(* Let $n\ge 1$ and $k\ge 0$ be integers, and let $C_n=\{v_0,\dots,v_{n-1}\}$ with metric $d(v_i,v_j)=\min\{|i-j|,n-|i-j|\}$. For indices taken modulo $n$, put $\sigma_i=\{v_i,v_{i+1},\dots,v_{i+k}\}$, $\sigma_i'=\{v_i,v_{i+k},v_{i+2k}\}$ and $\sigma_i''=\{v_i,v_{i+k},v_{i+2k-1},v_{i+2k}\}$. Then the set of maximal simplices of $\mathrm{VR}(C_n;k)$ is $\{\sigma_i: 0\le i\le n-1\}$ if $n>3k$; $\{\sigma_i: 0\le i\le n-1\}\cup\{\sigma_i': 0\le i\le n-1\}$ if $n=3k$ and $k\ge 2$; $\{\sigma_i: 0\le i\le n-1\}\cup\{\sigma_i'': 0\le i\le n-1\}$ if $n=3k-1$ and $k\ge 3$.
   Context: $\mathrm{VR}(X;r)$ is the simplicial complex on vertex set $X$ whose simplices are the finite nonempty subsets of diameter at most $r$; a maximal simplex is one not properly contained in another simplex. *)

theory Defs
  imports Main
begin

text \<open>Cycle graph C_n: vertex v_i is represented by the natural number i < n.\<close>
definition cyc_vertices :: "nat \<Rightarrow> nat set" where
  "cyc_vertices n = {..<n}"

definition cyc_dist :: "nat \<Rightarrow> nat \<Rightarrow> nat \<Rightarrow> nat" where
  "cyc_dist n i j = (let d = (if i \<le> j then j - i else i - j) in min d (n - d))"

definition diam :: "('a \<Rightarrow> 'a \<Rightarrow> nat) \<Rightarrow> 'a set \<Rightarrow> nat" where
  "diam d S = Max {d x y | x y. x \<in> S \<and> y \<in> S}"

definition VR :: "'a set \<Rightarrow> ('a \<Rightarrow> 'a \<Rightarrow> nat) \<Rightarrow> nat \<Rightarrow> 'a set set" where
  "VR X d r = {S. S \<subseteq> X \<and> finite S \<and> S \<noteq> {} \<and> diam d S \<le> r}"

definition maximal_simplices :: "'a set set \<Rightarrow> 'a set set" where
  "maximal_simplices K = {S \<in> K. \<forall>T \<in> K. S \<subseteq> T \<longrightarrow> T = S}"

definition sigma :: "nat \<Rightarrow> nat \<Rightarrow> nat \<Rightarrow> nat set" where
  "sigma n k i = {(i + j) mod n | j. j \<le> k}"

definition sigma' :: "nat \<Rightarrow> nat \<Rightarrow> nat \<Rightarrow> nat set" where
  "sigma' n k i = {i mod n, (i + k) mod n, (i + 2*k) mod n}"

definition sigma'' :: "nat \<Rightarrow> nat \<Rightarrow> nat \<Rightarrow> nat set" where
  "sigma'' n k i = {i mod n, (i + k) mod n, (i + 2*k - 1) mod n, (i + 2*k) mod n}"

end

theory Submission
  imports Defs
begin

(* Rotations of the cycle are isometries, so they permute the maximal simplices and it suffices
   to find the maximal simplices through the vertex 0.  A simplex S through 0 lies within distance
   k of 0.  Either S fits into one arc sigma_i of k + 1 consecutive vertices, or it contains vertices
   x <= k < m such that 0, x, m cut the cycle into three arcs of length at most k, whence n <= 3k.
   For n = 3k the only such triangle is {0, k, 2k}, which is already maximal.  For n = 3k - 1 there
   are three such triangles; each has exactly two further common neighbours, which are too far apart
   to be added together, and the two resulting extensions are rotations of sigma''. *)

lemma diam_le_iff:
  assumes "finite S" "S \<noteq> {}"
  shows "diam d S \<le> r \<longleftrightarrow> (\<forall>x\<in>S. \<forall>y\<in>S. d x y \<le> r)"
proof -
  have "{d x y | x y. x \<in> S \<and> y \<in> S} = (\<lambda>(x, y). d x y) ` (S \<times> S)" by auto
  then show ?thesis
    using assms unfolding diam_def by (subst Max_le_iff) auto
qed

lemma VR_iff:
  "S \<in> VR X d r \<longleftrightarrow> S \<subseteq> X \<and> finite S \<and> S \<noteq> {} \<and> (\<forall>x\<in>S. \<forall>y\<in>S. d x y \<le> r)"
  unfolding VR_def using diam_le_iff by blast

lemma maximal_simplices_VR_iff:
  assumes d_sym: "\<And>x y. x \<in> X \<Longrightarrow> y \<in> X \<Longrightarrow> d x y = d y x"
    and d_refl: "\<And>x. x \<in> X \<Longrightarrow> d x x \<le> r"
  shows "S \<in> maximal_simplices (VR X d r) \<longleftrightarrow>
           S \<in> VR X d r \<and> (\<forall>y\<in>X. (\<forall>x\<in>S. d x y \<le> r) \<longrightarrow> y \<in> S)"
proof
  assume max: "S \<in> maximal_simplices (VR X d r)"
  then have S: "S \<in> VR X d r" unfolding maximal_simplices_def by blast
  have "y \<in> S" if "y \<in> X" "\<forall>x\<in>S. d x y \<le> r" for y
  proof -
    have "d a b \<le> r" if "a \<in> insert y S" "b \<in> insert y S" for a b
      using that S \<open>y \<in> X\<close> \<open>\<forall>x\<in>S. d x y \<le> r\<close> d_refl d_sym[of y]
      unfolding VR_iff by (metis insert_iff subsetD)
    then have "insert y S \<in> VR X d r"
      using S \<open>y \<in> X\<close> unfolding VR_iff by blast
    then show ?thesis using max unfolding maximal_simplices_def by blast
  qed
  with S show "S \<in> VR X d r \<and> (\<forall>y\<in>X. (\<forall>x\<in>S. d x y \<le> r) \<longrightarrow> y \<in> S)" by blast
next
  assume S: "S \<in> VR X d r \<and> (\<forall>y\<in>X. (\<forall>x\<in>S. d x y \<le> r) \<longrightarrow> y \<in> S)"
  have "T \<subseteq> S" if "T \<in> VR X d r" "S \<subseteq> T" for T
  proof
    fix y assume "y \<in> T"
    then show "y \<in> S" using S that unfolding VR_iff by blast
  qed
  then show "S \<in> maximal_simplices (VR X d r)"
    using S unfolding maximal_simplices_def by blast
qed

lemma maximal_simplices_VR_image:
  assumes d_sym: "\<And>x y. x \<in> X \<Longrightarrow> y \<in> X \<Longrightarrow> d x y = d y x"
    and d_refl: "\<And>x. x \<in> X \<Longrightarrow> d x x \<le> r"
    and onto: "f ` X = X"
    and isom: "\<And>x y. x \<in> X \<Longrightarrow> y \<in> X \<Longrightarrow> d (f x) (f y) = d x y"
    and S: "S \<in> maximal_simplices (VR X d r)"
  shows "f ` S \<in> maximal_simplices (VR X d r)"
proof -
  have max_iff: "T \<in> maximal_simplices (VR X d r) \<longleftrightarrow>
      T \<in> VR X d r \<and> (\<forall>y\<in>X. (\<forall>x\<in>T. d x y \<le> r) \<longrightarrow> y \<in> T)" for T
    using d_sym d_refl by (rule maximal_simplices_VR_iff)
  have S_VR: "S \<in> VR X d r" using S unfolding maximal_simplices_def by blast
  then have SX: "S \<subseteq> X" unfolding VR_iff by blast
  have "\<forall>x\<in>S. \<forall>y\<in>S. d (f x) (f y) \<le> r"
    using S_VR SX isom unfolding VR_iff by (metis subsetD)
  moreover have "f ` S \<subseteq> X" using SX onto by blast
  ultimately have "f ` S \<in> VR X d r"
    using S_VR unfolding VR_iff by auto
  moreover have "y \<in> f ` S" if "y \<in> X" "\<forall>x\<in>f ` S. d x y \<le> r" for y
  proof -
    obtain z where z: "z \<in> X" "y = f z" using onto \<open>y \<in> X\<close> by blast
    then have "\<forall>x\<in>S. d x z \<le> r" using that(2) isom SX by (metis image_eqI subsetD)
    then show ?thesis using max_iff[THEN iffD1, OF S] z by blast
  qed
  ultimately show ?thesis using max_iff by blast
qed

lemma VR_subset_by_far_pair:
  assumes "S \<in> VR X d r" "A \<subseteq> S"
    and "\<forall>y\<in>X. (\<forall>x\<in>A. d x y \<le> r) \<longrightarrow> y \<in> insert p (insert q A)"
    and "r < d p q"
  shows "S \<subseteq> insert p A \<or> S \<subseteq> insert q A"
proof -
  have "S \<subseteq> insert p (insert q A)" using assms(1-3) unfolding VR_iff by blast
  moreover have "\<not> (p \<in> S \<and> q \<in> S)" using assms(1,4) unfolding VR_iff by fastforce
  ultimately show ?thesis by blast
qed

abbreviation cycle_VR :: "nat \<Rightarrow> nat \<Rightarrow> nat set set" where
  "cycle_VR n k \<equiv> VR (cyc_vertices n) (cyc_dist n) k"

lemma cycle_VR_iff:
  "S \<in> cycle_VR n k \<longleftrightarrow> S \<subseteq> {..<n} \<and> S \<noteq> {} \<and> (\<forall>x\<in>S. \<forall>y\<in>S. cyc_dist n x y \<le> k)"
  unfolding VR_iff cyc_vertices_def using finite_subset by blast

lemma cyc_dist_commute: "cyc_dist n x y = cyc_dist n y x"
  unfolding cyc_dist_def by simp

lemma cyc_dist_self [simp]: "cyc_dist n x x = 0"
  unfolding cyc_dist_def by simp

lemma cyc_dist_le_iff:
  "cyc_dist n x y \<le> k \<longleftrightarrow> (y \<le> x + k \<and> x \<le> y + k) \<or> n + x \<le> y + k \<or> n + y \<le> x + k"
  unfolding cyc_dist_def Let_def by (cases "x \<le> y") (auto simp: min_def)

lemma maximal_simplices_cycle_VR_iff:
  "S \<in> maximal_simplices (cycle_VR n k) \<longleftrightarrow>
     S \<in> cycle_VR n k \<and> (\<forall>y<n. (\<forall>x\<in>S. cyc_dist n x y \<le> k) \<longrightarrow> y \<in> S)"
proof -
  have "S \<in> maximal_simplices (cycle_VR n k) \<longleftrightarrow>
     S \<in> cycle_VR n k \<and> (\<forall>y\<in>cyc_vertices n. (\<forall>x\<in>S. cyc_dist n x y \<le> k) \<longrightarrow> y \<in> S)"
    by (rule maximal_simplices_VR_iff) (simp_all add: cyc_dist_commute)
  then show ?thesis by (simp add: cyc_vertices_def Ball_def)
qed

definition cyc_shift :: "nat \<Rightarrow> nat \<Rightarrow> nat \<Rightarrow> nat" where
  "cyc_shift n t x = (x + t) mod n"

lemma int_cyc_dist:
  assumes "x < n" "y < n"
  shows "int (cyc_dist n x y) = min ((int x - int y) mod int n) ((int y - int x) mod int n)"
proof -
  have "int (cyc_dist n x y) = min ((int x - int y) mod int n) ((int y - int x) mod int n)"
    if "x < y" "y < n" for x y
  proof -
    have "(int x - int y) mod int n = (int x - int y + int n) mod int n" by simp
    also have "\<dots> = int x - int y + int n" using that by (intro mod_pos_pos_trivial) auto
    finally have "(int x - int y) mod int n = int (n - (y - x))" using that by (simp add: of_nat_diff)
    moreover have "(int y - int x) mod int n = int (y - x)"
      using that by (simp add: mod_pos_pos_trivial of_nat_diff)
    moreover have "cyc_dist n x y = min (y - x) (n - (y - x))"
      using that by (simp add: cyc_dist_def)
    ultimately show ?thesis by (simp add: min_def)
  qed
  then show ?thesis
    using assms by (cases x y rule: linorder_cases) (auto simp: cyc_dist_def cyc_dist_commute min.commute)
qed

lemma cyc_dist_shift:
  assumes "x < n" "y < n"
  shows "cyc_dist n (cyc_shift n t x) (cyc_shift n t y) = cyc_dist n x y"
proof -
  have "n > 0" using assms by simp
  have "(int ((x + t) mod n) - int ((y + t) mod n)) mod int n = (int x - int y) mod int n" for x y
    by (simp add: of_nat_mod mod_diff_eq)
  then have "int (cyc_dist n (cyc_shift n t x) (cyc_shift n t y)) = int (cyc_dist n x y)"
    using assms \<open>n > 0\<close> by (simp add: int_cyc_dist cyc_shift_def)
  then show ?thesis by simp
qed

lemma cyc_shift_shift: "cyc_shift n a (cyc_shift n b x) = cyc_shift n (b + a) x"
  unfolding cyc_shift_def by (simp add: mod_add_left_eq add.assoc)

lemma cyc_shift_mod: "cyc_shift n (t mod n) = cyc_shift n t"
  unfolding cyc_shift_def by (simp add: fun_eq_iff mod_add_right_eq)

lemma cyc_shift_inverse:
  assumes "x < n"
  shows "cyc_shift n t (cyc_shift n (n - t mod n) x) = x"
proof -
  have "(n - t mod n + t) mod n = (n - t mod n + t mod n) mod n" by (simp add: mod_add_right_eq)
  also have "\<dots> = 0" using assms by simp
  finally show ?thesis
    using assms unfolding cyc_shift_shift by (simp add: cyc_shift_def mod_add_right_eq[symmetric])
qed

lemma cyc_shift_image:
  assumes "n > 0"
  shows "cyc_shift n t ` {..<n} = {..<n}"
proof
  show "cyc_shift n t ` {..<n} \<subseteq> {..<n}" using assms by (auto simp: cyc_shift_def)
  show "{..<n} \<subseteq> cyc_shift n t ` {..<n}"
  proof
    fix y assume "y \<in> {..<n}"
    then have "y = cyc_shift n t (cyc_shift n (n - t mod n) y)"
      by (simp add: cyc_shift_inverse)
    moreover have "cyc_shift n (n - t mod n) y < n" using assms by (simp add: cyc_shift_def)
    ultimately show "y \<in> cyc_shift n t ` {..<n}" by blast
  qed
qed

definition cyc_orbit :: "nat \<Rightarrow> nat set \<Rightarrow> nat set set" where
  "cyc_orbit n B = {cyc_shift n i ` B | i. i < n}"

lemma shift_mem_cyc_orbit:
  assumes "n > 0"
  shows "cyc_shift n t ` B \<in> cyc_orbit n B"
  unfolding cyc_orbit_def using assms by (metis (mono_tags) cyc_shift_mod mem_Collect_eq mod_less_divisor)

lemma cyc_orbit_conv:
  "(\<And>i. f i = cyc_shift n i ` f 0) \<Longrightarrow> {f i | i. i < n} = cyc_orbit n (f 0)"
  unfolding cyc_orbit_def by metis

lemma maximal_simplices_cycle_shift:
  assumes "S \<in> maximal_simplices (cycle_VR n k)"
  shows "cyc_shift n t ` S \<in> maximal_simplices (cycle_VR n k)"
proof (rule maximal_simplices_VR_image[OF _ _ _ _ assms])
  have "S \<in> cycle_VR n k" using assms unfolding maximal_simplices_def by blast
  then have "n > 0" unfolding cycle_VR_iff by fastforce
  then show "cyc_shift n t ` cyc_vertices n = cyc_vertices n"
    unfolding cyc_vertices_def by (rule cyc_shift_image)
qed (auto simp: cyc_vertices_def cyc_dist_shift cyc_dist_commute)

──────────────────────────────

▶ Goal of the exercise
Scan the material above. Copy each line that holds the word "fastforce".

▶ Written answer
  moreover have "\<not> (p \<in> S \<and> q \<in> S)" using assms(1,4) unfolding VR_iff by fastforce
  then have "n > 0" unfolding cycle_VR_iff by fastforce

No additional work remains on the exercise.